(Given data Opens)

lemma cc_min_unique:
  fixes x y a :: "nat \<Rightarrow> 'a::real_inner"
  assumes I: "finite I" and w: "\<And>i. i \<in> I \<Longrightarrow> w i > 0" and mu: "mu \<ge> 0"
    and mx: "\<And>z. cc_obj I w a mu x \<le> cc_obj I w a mu z"
    and my: "\<And>z. cc_obj I w a mu y \<le> cc_obj I w a mu z"
    and i: "i \<in> I"
  shows "x i = y i"
proof -
  have w0: "\<And>i. i \<in> I \<Longrightarrow> w i \<ge> 0" using w by (simp add: less_imp_le)
  have "(\<Sum>i\<in>I. w i * (norm (y i - x i))^2) \<le> 0"
    using cc_min_quadratic_growth[OF I w0 mu mx, of y] my[of x] by simp
  moreover have "(\<Sum>i\<in>I. w i * (norm (y i - x i))^2) \<ge> 0" using w0 by (intro sum_nonneg) auto
  ultimately have "w i * (norm (y i - x i))^2 = 0"
    using sum_nonneg_eq_0_iff[OF I, of "\<lambda>i. w i * (norm (y i - x i))^2"] w0 i by simp
  then show ?thesis using w[OF i] by simp
qed

lemma compact_PiE_cball:
  fixes c :: "nat \<Rightarrow> 'a::euclidean_space"
  shows "compact (PiE UNIV (\<lambda>i. if i \<in> I then cball (c i) \<rho> else {undefined}))"
proof -
  have "compactin (product_topology (\<lambda>i. euclidean) UNIV)
      (PiE UNIV (\<lambda>i. if i \<in> I then cball (c i) \<rho> else {undefined}))"
    by (simp add: compactin_PiE)
  then show ?thesis unfolding euclidean_product_topology by simp
qed

lemma continuous_on_coordinate [continuous_intros]:
  "continuous_on S (\<lambda>y::nat \<Rightarrow> 'a::topological_space. y i)"
  by (rule continuous_on_subset[OF continuous_on_product_coordinates]) simp

lemma cc_obj_coercive:
  assumes r: "\<forall>i<n. r i > 0" and mu: "mu \<ge> 0" and P: "P \<ge> 0" and i: "i < n"
    and far: "dist (a i) (y i) > 1 + (\<Sum>i<n. 2 * P / r i)"
  shows "cc_obj {..<n} r a mu y > P"
proof -
  define \<rho> where "\<rho> = 1 + (\<Sum>i<n. 2 * P / r i)"
  have \<rho>: "1 \<le> \<rho>" unfolding \<rho>_def using P r by (auto intro!: sum_nonneg divide_nonneg_pos)
  have "2 * P / r i \<le> (\<Sum>i<n. 2 * P / r i)"
    using i P r by (intro member_le_sum) (auto intro!: divide_nonneg_pos)
  then have "2 * P / r i < \<rho>" unfolding \<rho>_def by simp
  also have "\<rho> \<le> \<rho>^2" using \<rho> by (simp add: power2_eq_square)
  also have "\<rho>^2 < (norm (y i - a i))^2" using far \<rho>
    by (intro power_strict_mono) (auto simp: \<rho>_def dist_norm norm_minus_commute)
  finally have "2 * P < r i * (norm (y i - a i))^2" using r i
    by (simp add: pos_divide_less_eq mult.commute)
  moreover have "\<And>i. i \<in> {..<n} \<Longrightarrow> r i \<ge> 0" using r by (auto intro: less_imp_le)
  ultimately show ?thesis using cc_obj_ge_coordinate[of "{..<n}" r mu i y a] mu i by simp
qed
(* Let $\Psi\in\Delta_7$ be a spinor of unit length and let $\omega^3\in\Lambda^3(\mathbb{R}^7)$ be defined by $\omega^3(X,Y,Z):=-\big(X\cdot Y\cdot Z\cdot\Psi,\Psi\big)$. Let $p,q,r\in\mathbb{R}$. Then the equation $$\Big(X+\tfrac r4\,(X\lrcorner\omega^3)+p\,(X\lrcorner *\omega^3)+q\,(X\wedge *\omega^3)\Big)\cdot\Psi=0$$ holds for all vectors $X\in\mathbb{R}^7$ if and only if $16p=-4+12q-3r$.
   Context: $\mathbb{R}^7$ carries the Euclidean metric; $\Delta_7$ is the real $8$-dimensional spin representation with $\mathrm{Spin}(7)$-invariant inner product $(\cdot,\cdot)$ for which Clifford multiplication by vectors is skew-symmetric; Clifford multiplication satisfies $X\cdot X=-|X|^2$, and $k$-forms act by Clifford multiplication ($e_{i_1}\wedge\cdots\wedge e_{i_k}\mapsto e_{i_1}\cdots e_{i_k}$ for an orthonormal basis, distinct indices). For such $\Psi$ one has $\omega^3\cdot\Psi=-7\Psi$. $*$ is the Hodge star of the Euclidean metric for the orientation of $\mathbb{R}^7$ fixed by the chosen realization of the spin representation; with this orientation $( *\omega^3)\cdot\Psi=-7\Psi$. *)

theory Defs
  imports "HOL-Analysis.Analysis"
begin

text \<open>R^7 is real^7 with orthonormal basis e_0,...,e_6 (coordinate i of X is
  X $ of_nat i). The spin representation Delta_7 is realised as real^8 with its standard inner
  product; Clifford multiplication by e_i is the matrix gamma i (i < 7).
  Differential forms are represented by their components: a k-form alpha is a function
  nat list => real, alpha [i1,...,ik] = alpha(e_i1,...,e_ik).\<close>

definition coord7 :: "real^7 \<Rightarrow> nat \<Rightarrow> real" where
  "coord7 X i = X $ (of_nat i :: 7)"

definition gprod :: "(nat \<Rightarrow> real^8^8) \<Rightarrow> nat list \<Rightarrow> real^8^8" where
  "gprod gamma xs = foldr (\<lambda>i M. gamma i ** M) xs (mat 1)"

definition cliff_vec :: "(nat \<Rightarrow> real^8^8) \<Rightarrow> real^7 \<Rightarrow> real^8^8" where
  "cliff_vec gamma X = (\<Sum>i<7. coord7 X i *\<^sub>R gamma i)"

text \<open>Clifford action of a k-form: e_i1 /\ ... /\ e_ik (i1<...<ik) acts as gamma_i1 ... gamma_ik.\<close>
definition form_act :: "(nat \<Rightarrow> real^8^8) \<Rightarrow> nat \<Rightarrow> (nat list \<Rightarrow> real) \<Rightarrow> real^8^8" where
  "form_act gamma k alpha =
     (\<Sum>I\<in>{I. I \<subseteq> {..<7} \<and> card I = k}.
        alpha (sorted_list_of_set I) *\<^sub>R gprod gamma (sorted_list_of_set I))"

(Given data Closes)

Task details: Copy every line from the entries that contains the word "unfolding".

Answer to the problem:
  then show ?thesis unfolding euclidean_product_topology by simp
  have \<rho>: "1 \<le> \<rho>" unfolding \<rho>_def using P r by (auto intro!: sum_nonneg divide_nonneg_pos)
  then have "2 * P / r i < \<rho>" unfolding \<rho>_def by simp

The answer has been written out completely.